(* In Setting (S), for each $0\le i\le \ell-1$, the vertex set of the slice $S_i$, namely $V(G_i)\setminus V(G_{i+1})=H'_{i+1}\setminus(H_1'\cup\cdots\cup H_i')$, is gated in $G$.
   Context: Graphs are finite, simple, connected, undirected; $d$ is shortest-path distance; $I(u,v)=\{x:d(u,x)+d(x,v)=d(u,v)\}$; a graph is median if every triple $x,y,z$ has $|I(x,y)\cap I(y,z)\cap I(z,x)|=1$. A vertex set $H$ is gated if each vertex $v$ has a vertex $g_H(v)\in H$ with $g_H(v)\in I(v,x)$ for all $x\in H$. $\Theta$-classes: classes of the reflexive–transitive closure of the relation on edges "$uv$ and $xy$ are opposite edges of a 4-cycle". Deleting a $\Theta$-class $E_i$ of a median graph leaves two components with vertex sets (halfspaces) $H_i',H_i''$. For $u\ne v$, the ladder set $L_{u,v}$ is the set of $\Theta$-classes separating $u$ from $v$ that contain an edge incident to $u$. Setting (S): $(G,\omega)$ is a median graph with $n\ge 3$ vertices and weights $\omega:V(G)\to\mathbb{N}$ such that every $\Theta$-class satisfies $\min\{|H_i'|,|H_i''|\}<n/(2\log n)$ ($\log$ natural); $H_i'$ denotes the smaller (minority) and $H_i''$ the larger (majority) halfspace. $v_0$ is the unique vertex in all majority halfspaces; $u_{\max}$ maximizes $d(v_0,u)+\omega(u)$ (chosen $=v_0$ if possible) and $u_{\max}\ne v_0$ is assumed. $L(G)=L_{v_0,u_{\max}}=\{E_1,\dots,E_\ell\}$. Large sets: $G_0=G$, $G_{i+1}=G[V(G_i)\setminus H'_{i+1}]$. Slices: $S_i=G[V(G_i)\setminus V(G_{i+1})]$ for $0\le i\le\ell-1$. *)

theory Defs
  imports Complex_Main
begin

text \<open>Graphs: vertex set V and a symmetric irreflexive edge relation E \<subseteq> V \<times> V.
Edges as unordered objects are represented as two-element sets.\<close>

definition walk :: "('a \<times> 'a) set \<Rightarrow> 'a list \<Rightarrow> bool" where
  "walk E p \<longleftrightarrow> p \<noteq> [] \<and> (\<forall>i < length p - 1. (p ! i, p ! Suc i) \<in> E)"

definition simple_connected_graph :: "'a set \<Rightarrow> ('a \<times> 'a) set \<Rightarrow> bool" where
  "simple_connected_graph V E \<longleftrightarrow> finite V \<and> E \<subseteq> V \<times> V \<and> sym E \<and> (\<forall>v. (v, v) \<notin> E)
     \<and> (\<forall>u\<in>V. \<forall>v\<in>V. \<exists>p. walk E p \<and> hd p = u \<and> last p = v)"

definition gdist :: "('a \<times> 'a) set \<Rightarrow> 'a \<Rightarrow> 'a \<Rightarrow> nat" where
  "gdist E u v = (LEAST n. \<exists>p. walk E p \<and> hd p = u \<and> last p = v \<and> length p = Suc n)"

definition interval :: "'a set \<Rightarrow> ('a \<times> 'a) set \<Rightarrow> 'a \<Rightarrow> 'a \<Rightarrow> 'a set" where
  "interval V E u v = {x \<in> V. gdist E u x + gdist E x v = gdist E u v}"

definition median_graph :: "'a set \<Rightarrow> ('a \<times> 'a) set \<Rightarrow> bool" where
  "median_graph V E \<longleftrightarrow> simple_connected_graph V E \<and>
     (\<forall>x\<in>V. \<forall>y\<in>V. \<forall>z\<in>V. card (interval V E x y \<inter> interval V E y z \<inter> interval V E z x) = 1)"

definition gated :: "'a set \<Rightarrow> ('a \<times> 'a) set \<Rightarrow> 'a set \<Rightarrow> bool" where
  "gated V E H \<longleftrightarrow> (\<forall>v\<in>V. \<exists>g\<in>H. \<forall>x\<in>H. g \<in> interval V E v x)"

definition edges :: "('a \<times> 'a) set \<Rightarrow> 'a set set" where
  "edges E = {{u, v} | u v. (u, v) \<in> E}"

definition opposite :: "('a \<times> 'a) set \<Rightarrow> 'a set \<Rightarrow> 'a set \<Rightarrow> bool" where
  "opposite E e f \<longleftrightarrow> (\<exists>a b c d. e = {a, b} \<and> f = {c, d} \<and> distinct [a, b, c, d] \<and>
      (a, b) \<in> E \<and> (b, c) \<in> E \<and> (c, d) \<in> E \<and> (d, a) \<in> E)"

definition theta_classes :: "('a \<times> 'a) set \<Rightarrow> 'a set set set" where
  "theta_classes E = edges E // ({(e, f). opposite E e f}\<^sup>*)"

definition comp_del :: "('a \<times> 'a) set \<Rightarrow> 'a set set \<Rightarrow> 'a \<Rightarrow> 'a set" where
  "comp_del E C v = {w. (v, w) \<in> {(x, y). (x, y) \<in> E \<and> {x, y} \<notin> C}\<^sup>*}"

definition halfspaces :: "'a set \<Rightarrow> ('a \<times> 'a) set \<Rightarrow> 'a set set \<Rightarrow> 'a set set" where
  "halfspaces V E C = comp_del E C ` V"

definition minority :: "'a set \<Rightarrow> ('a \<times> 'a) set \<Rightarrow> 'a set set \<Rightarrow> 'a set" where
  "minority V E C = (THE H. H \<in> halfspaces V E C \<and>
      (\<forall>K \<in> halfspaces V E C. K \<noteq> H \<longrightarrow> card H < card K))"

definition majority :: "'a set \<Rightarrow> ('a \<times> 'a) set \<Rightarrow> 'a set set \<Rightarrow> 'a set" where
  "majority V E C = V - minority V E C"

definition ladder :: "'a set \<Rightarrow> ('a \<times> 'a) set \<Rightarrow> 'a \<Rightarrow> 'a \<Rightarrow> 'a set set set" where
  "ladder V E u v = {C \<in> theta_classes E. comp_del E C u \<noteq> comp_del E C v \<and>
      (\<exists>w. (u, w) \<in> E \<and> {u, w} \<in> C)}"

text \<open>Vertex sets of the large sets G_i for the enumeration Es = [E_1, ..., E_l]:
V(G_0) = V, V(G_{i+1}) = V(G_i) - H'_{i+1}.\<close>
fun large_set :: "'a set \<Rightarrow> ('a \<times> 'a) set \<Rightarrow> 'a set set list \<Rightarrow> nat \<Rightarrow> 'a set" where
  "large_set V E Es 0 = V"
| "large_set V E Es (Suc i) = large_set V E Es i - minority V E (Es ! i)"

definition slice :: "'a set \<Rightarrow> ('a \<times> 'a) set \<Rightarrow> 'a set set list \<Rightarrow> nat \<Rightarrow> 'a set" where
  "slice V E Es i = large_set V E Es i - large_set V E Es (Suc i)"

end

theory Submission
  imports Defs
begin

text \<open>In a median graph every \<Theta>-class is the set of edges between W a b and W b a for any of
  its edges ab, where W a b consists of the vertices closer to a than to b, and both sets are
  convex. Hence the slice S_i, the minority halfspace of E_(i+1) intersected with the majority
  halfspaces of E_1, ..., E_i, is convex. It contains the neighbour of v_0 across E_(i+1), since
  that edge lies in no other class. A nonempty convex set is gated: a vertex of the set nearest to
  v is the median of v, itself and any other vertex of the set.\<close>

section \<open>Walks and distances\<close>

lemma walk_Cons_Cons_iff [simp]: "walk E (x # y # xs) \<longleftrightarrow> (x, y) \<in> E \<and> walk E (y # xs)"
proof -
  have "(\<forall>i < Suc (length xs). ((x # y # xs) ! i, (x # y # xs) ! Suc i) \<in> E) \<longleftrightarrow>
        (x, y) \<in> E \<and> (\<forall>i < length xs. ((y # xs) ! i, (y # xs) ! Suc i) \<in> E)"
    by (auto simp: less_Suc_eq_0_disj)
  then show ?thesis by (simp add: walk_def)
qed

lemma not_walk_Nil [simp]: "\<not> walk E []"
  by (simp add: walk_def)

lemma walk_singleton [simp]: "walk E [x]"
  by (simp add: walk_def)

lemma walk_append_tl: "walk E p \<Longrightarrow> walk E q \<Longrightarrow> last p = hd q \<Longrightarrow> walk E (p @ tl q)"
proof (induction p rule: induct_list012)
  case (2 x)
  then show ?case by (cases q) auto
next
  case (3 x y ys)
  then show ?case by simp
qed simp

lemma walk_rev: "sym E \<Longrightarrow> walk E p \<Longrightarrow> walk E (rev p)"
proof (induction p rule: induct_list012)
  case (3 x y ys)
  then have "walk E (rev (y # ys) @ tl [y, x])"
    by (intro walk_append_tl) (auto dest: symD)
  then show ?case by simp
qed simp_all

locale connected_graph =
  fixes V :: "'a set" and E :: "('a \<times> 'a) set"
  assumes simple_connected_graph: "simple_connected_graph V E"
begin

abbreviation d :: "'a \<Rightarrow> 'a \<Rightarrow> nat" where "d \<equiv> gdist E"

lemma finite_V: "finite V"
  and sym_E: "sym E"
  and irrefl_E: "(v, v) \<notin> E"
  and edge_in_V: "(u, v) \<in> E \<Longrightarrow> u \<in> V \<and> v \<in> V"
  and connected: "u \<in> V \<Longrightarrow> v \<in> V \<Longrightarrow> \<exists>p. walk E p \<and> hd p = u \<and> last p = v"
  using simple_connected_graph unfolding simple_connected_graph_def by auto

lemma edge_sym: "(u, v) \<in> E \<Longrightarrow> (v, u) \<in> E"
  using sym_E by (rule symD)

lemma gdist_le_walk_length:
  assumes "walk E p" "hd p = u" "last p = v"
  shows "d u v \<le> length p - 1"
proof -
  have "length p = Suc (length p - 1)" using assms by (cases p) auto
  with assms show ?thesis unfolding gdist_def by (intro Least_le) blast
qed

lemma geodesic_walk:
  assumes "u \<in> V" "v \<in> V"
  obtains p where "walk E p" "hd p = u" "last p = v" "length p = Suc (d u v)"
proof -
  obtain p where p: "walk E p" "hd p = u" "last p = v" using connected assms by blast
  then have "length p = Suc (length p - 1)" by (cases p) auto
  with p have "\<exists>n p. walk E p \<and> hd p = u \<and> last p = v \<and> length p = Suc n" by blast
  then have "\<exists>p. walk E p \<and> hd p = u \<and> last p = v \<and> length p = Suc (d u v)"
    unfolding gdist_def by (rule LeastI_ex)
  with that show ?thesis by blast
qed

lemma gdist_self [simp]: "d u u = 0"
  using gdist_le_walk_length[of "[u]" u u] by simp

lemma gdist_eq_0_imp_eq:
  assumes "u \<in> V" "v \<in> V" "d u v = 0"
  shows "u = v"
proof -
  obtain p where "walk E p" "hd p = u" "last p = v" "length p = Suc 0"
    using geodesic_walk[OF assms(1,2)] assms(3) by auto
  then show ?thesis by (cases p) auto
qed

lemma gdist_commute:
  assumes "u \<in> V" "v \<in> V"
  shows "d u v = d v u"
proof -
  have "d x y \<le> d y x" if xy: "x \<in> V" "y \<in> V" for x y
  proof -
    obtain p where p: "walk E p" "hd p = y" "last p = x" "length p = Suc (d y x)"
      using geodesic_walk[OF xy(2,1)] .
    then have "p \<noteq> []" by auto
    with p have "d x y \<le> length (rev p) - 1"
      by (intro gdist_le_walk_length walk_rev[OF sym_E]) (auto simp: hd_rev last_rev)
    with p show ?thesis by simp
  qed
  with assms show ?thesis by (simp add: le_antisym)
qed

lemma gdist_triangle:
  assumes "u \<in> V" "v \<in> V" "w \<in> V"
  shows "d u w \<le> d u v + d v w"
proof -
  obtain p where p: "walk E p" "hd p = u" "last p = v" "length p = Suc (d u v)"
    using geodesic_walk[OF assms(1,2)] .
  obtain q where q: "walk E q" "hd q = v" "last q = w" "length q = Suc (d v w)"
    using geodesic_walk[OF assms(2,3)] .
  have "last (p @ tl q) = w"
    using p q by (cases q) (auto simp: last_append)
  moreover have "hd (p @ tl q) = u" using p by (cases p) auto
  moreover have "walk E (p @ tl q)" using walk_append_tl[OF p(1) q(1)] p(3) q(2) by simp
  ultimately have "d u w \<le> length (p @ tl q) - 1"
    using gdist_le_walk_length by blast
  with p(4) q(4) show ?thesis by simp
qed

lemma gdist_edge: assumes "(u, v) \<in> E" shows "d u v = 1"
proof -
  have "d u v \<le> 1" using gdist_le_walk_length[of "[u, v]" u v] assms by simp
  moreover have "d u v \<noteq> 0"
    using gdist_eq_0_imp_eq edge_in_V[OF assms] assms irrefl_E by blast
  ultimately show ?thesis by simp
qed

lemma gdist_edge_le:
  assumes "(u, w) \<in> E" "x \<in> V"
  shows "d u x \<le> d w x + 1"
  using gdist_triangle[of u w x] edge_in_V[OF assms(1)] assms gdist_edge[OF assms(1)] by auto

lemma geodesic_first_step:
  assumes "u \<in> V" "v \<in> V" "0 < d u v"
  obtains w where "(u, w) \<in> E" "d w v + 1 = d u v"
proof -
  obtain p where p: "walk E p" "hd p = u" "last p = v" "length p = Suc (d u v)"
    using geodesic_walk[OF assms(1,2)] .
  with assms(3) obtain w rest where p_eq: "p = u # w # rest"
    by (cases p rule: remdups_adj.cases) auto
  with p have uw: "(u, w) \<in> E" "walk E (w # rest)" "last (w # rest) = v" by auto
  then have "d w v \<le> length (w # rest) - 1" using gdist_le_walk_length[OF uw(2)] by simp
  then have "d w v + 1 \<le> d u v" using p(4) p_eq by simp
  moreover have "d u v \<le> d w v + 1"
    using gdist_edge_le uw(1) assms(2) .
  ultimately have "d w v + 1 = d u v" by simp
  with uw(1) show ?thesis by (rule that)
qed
┄┄┄┄┄┄┄┄┄┄┄┄┄┄┄┄┄┄┄┄
To do: Wherever the word "then" shows up in the material, copy the line it is on.

Worked solution:
  then show ?thesis by (simp add: walk_def)
  then show ?case by (cases q) auto
  then show ?case by simp
  then have "walk E (rev (y # ys) @ tl [y, x])"
  then show ?case by simp
  then have "length p = Suc (length p - 1)" by (cases p) auto
  then have "\<exists>p. walk E p \<and> hd p = u \<and> last p = v \<and> length p = Suc (d u v)"
  then show ?thesis by (cases p) auto
    then have "p \<noteq> []" by auto
  then have "d w v \<le> length (w # rest) - 1" using gdist_le_walk_length[OF uw(2)] by simp
  then have "d w v + 1 \<le> d u v" using p(4) p_eq by simp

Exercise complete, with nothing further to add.